- _Problem to work on_: Lines with the word "disj": copy all of them from the entries below.

[Opening Data excerpts section]

(* Let $T\subseteq\mathcal T_d$ be any subregion and let $U$ be the monomial subregion of $T$ associated to a monomial $x^ay^bz^c$ of degree less than $d$. If $U$ is tileable by lozenges, then $T$ is tileable if and only if $T\setminus U$ is tileable. Moreover, each lozenge tiling of $T$ is obtained by combining a lozenge tiling of $T\setminus U$ and a lozenge tiling of $U$.
   Context: For $d\ge1$, $\mathcal T_d$ is an equilateral triangle of side length $d$ (horizontal bottom side) subdivided into unit triangles, upward ones labeled by the degree $d-1$ monomials of $K[x,y,z]$ and downward ones by degree $d-2$ monomials: $x^{d-1}$ at the top, $y^{d-1}$ bottom-left, $z^{d-1}$ bottom-right, and an upward triangle sharing an edge with a downward one has label equal to the downward label times a variable. A subregion is a set of these unit triangles. The monomial subregion of $T$ associated to a monomial $m$ of degree $<d$ is the set of unit triangles of $T$ whose labels are divisible by $m$ (i.e., the part of $T$ inside the upward triangle located $a$ units from the bottom edge, $b$ from the upper-right edge and $c$ from the upper-left edge when $m=x^ay^bz^c$). A lozenge is a union of two unit triangles sharing an edge; a region is tileable if it is empty or some set of lozenges covers each of its unit triangles exactly once. *)

theory Defs
  imports Main
begin

text \<open>Unit triangles of T_d, identified by their labels: a monomial x^a y^b z^c is
  represented by its exponent triple (a,b,c).\<close>

datatype utri = Up "nat \<times> nat \<times> nat" | Down "nat \<times> nat \<times> nat"

fun deg :: "nat \<times> nat \<times> nat \<Rightarrow> nat" where
  "deg (a, b, c) = a + b + c"

definition tri_region :: "nat \<Rightarrow> utri set" where
  "tri_region d = {Up m | m. deg m + 1 = d} \<union> {Down m | m. deg m + 2 = d}"

fun label :: "utri \<Rightarrow> nat \<times> nat \<times> nat" where
  "label (Up m) = m"
| "label (Down m) = m"

fun mdvd :: "nat \<times> nat \<times> nat \<Rightarrow> nat \<times> nat \<times> nat \<Rightarrow> bool" where
  "mdvd (a, b, c) (a', b', c') \<longleftrightarrow> a \<le> a' \<and> b \<le> b' \<and> c \<le> c'"

text \<open>An upward triangle and a downward triangle share an edge iff the upward label
  equals the downward label times a variable.\<close>
definition adjacent :: "nat \<times> nat \<times> nat \<Rightarrow> nat \<times> nat \<times> nat \<Rightarrow> bool" where
  "adjacent u v \<longleftrightarrow> u = (case v of (a, b, c) \<Rightarrow> (Suc a, b, c))
                 \<or> u = (case v of (a, b, c) \<Rightarrow> (a, Suc b, c))
                 \<or> u = (case v of (a, b, c) \<Rightarrow> (a, b, Suc c))"

definition lozenge :: "utri set \<Rightarrow> bool" where
  "lozenge L \<longleftrightarrow> (\<exists>u v. adjacent u v \<and> L = {Up u, Down v})"

definition tiling_of :: "utri set set \<Rightarrow> utri set \<Rightarrow> bool" where
  "tiling_of \<tau> R \<longleftrightarrow> (\<forall>L\<in>\<tau>. lozenge L \<and> L \<subseteq> R)
      \<and> (\<forall>t\<in>R. \<exists>!L. L \<in> \<tau> \<and> t \<in> L)"

definition tileable :: "utri set \<Rightarrow> bool" where
  "tileable R \<longleftrightarrow> R = {} \<or> (\<exists>\<tau>. tiling_of \<tau> R)"

definition monomial_subregion :: "utri set \<Rightarrow> nat \<times> nat \<times> nat \<Rightarrow> utri set" where
  "monomial_subregion T m = {t \<in> T. mdvd m (label t)}"

end

theory Submission
  imports Defs
begin

text \<open>In a lozenge the downward label divides the upward one, so a lozenge of T whose
  downward triangle lies in the monomial subregion U lies entirely in U. Hence any tiling of T
  matches the downward triangles of U injectively with upward triangles of U. Since U is
  tileable, it has as many upward as downward triangles, so this matching exhausts the upward
  triangles of U as well, and no lozenge crosses the boundary of U.\<close>

lemma tileable_iff_tiling: "tileable R \<longleftrightarrow> (\<exists>\<tau>. tiling_of \<tau> R)"
proof -
  have "tiling_of {} {}" unfolding tiling_of_def by simp
  then show ?thesis unfolding tileable_def by blast
qed

lemma finite_tri_region: "finite (tri_region d)"
proof (rule finite_subset)
  show "tri_region d \<subseteq> Up ` ({..d} \<times> {..d} \<times> {..d}) \<union> Down ` ({..d} \<times> {..d} \<times> {..d})"
    unfolding tri_region_def by auto
qed simp

lemma lozenge_ex1_Up: "lozenge L \<Longrightarrow> \<exists>!t. t \<in> L \<and> t \<in> range Up"
  unfolding lozenge_def by auto

lemma lozenge_ex1_Down: "lozenge L \<Longrightarrow> \<exists>!t. t \<in> L \<and> t \<in> range Down"
  unfolding lozenge_def by auto

lemma tiling_ofI:
  assumes "\<And>L. L \<in> \<tau> \<Longrightarrow> lozenge L" and "\<And>L. L \<in> \<tau> \<Longrightarrow> L \<subseteq> R"
    and "\<And>t. t \<in> R \<Longrightarrow> \<exists>!L. L \<in> \<tau> \<and> t \<in> L"
  shows "tiling_of \<tau> R"
  using assms unfolding tiling_of_def by simp

lemma tiling_of_lozenge: "tiling_of \<tau> R \<Longrightarrow> L \<in> \<tau> \<Longrightarrow> lozenge L"
  unfolding tiling_of_def by simp

lemma tiling_of_subset: "tiling_of \<tau> R \<Longrightarrow> L \<in> \<tau> \<Longrightarrow> L \<subseteq> R"
  unfolding tiling_of_def by simp

lemma tiling_of_ex1: "tiling_of \<tau> R \<Longrightarrow> t \<in> R \<Longrightarrow> \<exists>!L. L \<in> \<tau> \<and> t \<in> L"
  unfolding tiling_of_def by simp

definition tile_at :: "utri set set \<Rightarrow> utri \<Rightarrow> utri set" where
  "tile_at \<tau> t = (THE L. L \<in> \<tau> \<and> t \<in> L)"

lemma tile_at_mem:
  assumes "tiling_of \<tau> R" and "t \<in> R"
  shows "tile_at \<tau> t \<in> \<tau>" and "t \<in> tile_at \<tau> t"
proof -
  have "tile_at \<tau> t \<in> \<tau> \<and> t \<in> tile_at \<tau> t"
    unfolding tile_at_def using tiling_of_ex1[OF assms] by (rule theI')
  then show "tile_at \<tau> t \<in> \<tau>" and "t \<in> tile_at \<tau> t" by simp_all
qed

lemma tile_at_eq:
  assumes \<tau>: "tiling_of \<tau> R" and L: "L \<in> \<tau>" "t \<in> L"
  shows "tile_at \<tau> t = L"
proof -
  have "t \<in> R" using tiling_of_subset[OF \<tau> L(1)] L(2) by blast
  show ?thesis
    unfolding tile_at_def using tiling_of_ex1[OF \<tau> \<open>t \<in> R\<close>] by (rule the1_equality) (simp add: L)
qed

lemma tiling_of_Un:
  assumes \<tau>1: "tiling_of \<tau>1 R1" and \<tau>2: "tiling_of \<tau>2 R2" and disj: "R1 \<inter> R2 = {}"
  shows "tiling_of (\<tau>1 \<union> \<tau>2) (R1 \<union> R2)"
proof (rule tiling_ofI)
  fix L assume "L \<in> \<tau>1 \<union> \<tau>2"
  then show "lozenge L" and "L \<subseteq> R1 \<union> R2"
    using tiling_of_lozenge[OF \<tau>1] tiling_of_lozenge[OF \<tau>2]
      tiling_of_subset[OF \<tau>1] tiling_of_subset[OF \<tau>2] by blast+
next
  have unique_in: "\<exists>!L. L \<in> \<tau> \<union> \<tau>' \<and> t \<in> L"
    if \<tau>: "tiling_of \<tau> R" "t \<in> R" and \<tau>': "tiling_of \<tau>' R'" "t \<notin> R'" for t \<tau> R \<tau>' R'
  proof (rule ex1I[of _ "tile_at \<tau> t"])
    show "tile_at \<tau> t \<in> \<tau> \<union> \<tau>' \<and> t \<in> tile_at \<tau> t" using tile_at_mem[OF \<tau>] by simp
  next
    fix L assume L: "L \<in> \<tau> \<union> \<tau>' \<and> t \<in> L"
    have "L \<notin> \<tau>'" using L tiling_of_subset[OF \<tau>'(1)] \<tau>'(2) by blast
    with L have "L \<in> \<tau>" by blast
    then show "L = tile_at \<tau> t" using L tile_at_eq[OF \<tau>(1)] by metis
  qed
  fix t assume "t \<in> R1 \<union> R2"
  then consider "t \<in> R1" "t \<notin> R2" | "t \<in> R2" "t \<notin> R1" using disj by blast
  then show "\<exists>!L. L \<in> \<tau>1 \<union> \<tau>2 \<and> t \<in> L"
  proof cases
    case 1
    then show ?thesis using unique_in[OF \<tau>1 _ \<tau>2] by simp
  next
    case 2
    then show ?thesis using unique_in[OF \<tau>2 _ \<tau>1] by (simp add: Un_commute)
  qed
qed

lemma tiling_of_restrict:
  assumes \<tau>: "tiling_of \<tau> R" and sep: "\<forall>L\<in>\<tau>. L \<subseteq> S \<or> L \<inter> S = {}"
  shows "tiling_of {L \<in> \<tau>. L \<subseteq> S} (R \<inter> S)"
proof (rule tiling_ofI)
  fix L assume "L \<in> {L \<in> \<tau>. L \<subseteq> S}"
  then show "lozenge L" and "L \<subseteq> R \<inter> S"
    using tiling_of_lozenge[OF \<tau>] tiling_of_subset[OF \<tau>] by auto
next
  fix t assume t: "t \<in> R \<inter> S"
  show "\<exists>!L. L \<in> {L \<in> \<tau>. L \<subseteq> S} \<and> t \<in> L"
  proof (rule ex1I[of _ "tile_at \<tau> t"])
    have "tile_at \<tau> t \<in> \<tau>" "t \<in> tile_at \<tau> t" using tile_at_mem[OF \<tau>] t by auto
    moreover then have "tile_at \<tau> t \<subseteq> S" using sep t by blast
    ultimately show "tile_at \<tau> t \<in> {L \<in> \<tau>. L \<subseteq> S} \<and> t \<in> tile_at \<tau> t" by simp
  next
    fix L assume "L \<in> {L \<in> \<tau>. L \<subseteq> S} \<and> t \<in> L"
    then show "L = tile_at \<tau> t" using tile_at_eq[OF \<tau>] by blast
  qed
qed

lemma bij_betw_tile_at:
  assumes \<tau>: "tiling_of \<tau> R" and one: "\<And>L. lozenge L \<Longrightarrow> \<exists>!t. t \<in> L \<and> t \<in> K"
  shows "bij_betw (tile_at \<tau>) (R \<inter> K) \<tau>"
proof (rule bij_betwI')
  fix s t assume s: "s \<in> R \<inter> K" and t: "t \<in> R \<inter> K"
  show "tile_at \<tau> s = tile_at \<tau> t \<longleftrightarrow> s = t"
  proof
    assume eq: "tile_at \<tau> s = tile_at \<tau> t"
    have L: "tile_at \<tau> s \<in> \<tau>" and "s \<in> tile_at \<tau> s" "t \<in> tile_at \<tau> s"
      using tile_at_mem[OF \<tau>] s t eq by auto
    with one[OF tiling_of_lozenge[OF \<tau> L]] s t show "s = t" by (metis IntD2)
  qed simp
next
  fix s assume "s \<in> R \<inter> K"
  then show "tile_at \<tau> s \<in> \<tau>" using tile_at_mem[OF \<tau>] by blast
next
  fix L assume L: "L \<in> \<tau>"
  obtain t where "t \<in> L" "t \<in> K" using one[OF tiling_of_lozenge[OF \<tau> L]] by blast
  moreover have "t \<in> R" using tiling_of_subset[OF \<tau> L] \<open>t \<in> L\<close> by blast
  ultimately show "\<exists>t\<in>R \<inter> K. L = tile_at \<tau> t" using tile_at_eq[OF \<tau> L] by blast
qed

lemma tiling_balanced:
  assumes "tiling_of \<tau> R"
  shows "card (R \<inter> range Up) = card (R \<inter> range Down)"
  using bij_betw_same_card[OF bij_betw_tile_at[OF assms lozenge_ex1_Up]]
    bij_betw_same_card[OF bij_betw_tile_at[OF assms lozenge_ex1_Down]] by simp

definition down_closed_in :: "utri set \<Rightarrow> utri set \<Rightarrow> bool" where
  "down_closed_in U R \<longleftrightarrow> (\<forall>u v. adjacent u v \<longrightarrow> Down v \<in> U \<longrightarrow> Up u \<in> R \<longrightarrow> Up u \<in> U)"

lemma monomial_subregion_down_closed: "down_closed_in (monomial_subregion T m) T"
proof -
  have "mdvd m u" if "adjacent u v" "mdvd m v" for u v
    using that unfolding adjacent_def by (cases m; cases v; auto)
  then show ?thesis
    unfolding down_closed_in_def monomial_subregion_def by auto
qed

lemma tiles_inside_or_outside:
  assumes \<tau>: "tiling_of \<tau> R" and UR: "U \<subseteq> R" and fin: "finite U"
    and closed: "down_closed_in U R"
    and balanced: "card (U \<inter> range Up) = card (U \<inter> range Down)"
  shows "\<forall>L\<in>\<tau>. L \<subseteq> U \<or> L \<inter> U = {}"
proof
  have lozenge_parts: "\<exists>u v. adjacent u v \<and> L = {Up u, Down v} \<and> Up u \<in> R" if "L \<in> \<tau>" for L
    using tiling_of_lozenge[OF \<tau> that] tiling_of_subset[OF \<tau> that] unfolding lozenge_def by blast
  have inj: "inj_on (tile_at \<tau>) (U \<inter> K)" if "\<And>L. lozenge L \<Longrightarrow> \<exists>!t. t \<in> L \<and> t \<in> K" for K
    using bij_betw_tile_at[OF \<tau> that] UR inj_on_subset unfolding bij_betw_def
    by (metis Int_mono order_refl)
  have Down_matched: "tile_at \<tau> ` (U \<inter> range Down) \<subseteq> tile_at \<tau> ` (U \<inter> range Up)"
  proof
    fix L assume "L \<in> tile_at \<tau> ` (U \<inter> range Down)"
    then obtain w where w: "Down w \<in> U" and Lw: "L = tile_at \<tau> (Down w)" by auto
    then have L: "L \<in> \<tau>" "Down w \<in> L" using tile_at_mem[OF \<tau>] UR by auto
    then obtain u v where uv: "adjacent u v" "L = {Up u, Down v}" "Up u \<in> R"
      using lozenge_parts by blast
    with L w have "Up u \<in> U" using closed unfolding down_closed_in_def by blast
    moreover have "tile_at \<tau> (Up u) = L" using tile_at_eq[OF \<tau> L(1)] uv by simp
    ultimately show "L \<in> tile_at \<tau> ` (U \<inter> range Up)" by blast
  qed
  have matched: "tile_at \<tau> ` (U \<inter> range Up) \<subseteq> tile_at \<tau> ` (U \<inter> range Down)"
    using card_subset_eq[OF _ Down_matched] fin balanced
      card_image[OF inj[OF lozenge_ex1_Up]] card_image[OF inj[OF lozenge_ex1_Down]] by simp
  fix L assume L: "L \<in> \<tau>"
  then obtain u v where uv: "adjacent u v" "L = {Up u, Down v}" "Up u \<in> R"
    using lozenge_parts by blast
  have "Down v \<in> U" if "Up u \<in> U"
  proof -
    have "tile_at \<tau> (Up u) \<in> tile_at \<tau> ` (U \<inter> range Down)" using that matched by blast
    then obtain w where w: "Down w \<in> U" "tile_at \<tau> (Up u) = tile_at \<tau> (Down w)" by blast
    then have "Down w \<in> L"
      using tile_at_mem(2)[OF \<tau>, of "Down w"] tile_at_eq[OF \<tau> L, of "Up u"] UR uv(2) by auto
    then show ?thesis using w uv(2) by simp
  qed
  moreover have "Up u \<in> U" if "Down v \<in> U"
    using closed that uv unfolding down_closed_in_def by blast
  ultimately show "L \<subseteq> U \<or> L \<inter> U = {}" using uv(2) by blast
qed

theorem lemma2p1:
  fixes d a b c :: nat and T :: "utri set"
  assumes "d \<ge> 1"
    and "T \<subseteq> tri_region d"
    and "a + b + c < d"
    and "tileable (monomial_subregion T (a, b, c))"
  shows "(tileable T \<longleftrightarrow> tileable (T - monomial_subregion T (a, b, c)))
       \<and> (\<forall>\<tau>. tiling_of \<tau> T \<longrightarrow>
            (\<exists>\<tau>1 \<tau>2. tiling_of \<tau>1 (T - monomial_subregion T (a, b, c))
                   \<and> tiling_of \<tau>2 (monomial_subregion T (a, b, c))
                   \<and> \<tau> = \<tau>1 \<union> \<tau>2))"
proof -
  define U where "U = monomial_subregion T (a, b, c)"
  have UT: "U \<subseteq> T" unfolding U_def monomial_subregion_def by blast
  have fin: "finite U" using assms(2) UT finite_tri_region finite_subset by metis
  obtain \<sigma> where \<sigma>: "tiling_of \<sigma> U" using assms(4) tileable_iff_tiling U_def by blast
  have split: "\<exists>\<tau>1 \<tau>2. tiling_of \<tau>1 (T - U) \<and> tiling_of \<tau>2 U \<and> \<tau> = \<tau>1 \<union> \<tau>2"
    if \<tau>: "tiling_of \<tau> T" for \<tau>
  proof -
    have sep: "\<forall>L\<in>\<tau>. L \<subseteq> U \<or> L \<inter> U = {}"
      using tiles_inside_or_outside[OF \<tau> UT fin _ tiling_balanced[OF \<sigma>]]
        monomial_subregion_down_closed U_def by blast
    then have "\<forall>L\<in>\<tau>. L \<subseteq> - U \<or> L \<inter> - U = {}" by blast
    then have "tiling_of {L \<in> \<tau>. L \<subseteq> - U} (T - U)"
      using tiling_of_restrict[OF \<tau>] by (simp add: Diff_eq)
    moreover have "tiling_of {L \<in> \<tau>. L \<subseteq> U} U"
      using tiling_of_restrict[OF \<tau> sep] UT by (simp add: Int_absorb1)
    moreover have "\<tau> = {L \<in> \<tau>. L \<subseteq> - U} \<union> {L \<in> \<tau>. L \<subseteq> U}" using sep by blast
    ultimately show ?thesis by blast
  qed
  have "tileable T" if "tiling_of \<sigma>' (T - U)" for \<sigma>'
  proof -
    have "tiling_of (\<sigma>' \<union> \<sigma>) ((T - U) \<union> U)" using tiling_of_Un[OF that \<sigma>] by blast
    then show ?thesis using UT tileable_iff_tiling by (metis Diff_partition Un_commute)
  qed
  with split have "tileable T \<longleftrightarrow> tileable (T - U)" by (meson tileable_iff_tiling)
  with split show ?thesis unfolding U_def by blast
qed

end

[Closing Data excerpts section]

- _Task response_:
  assumes \<tau>1: "tiling_of \<tau>1 R1" and \<tau>2: "tiling_of \<tau>2 R2" and disj: "R1 \<inter> R2 = {}"
  then consider "t \<in> R1" "t \<notin> R2" | "t \<in> R2" "t \<notin> R1" using disj by blast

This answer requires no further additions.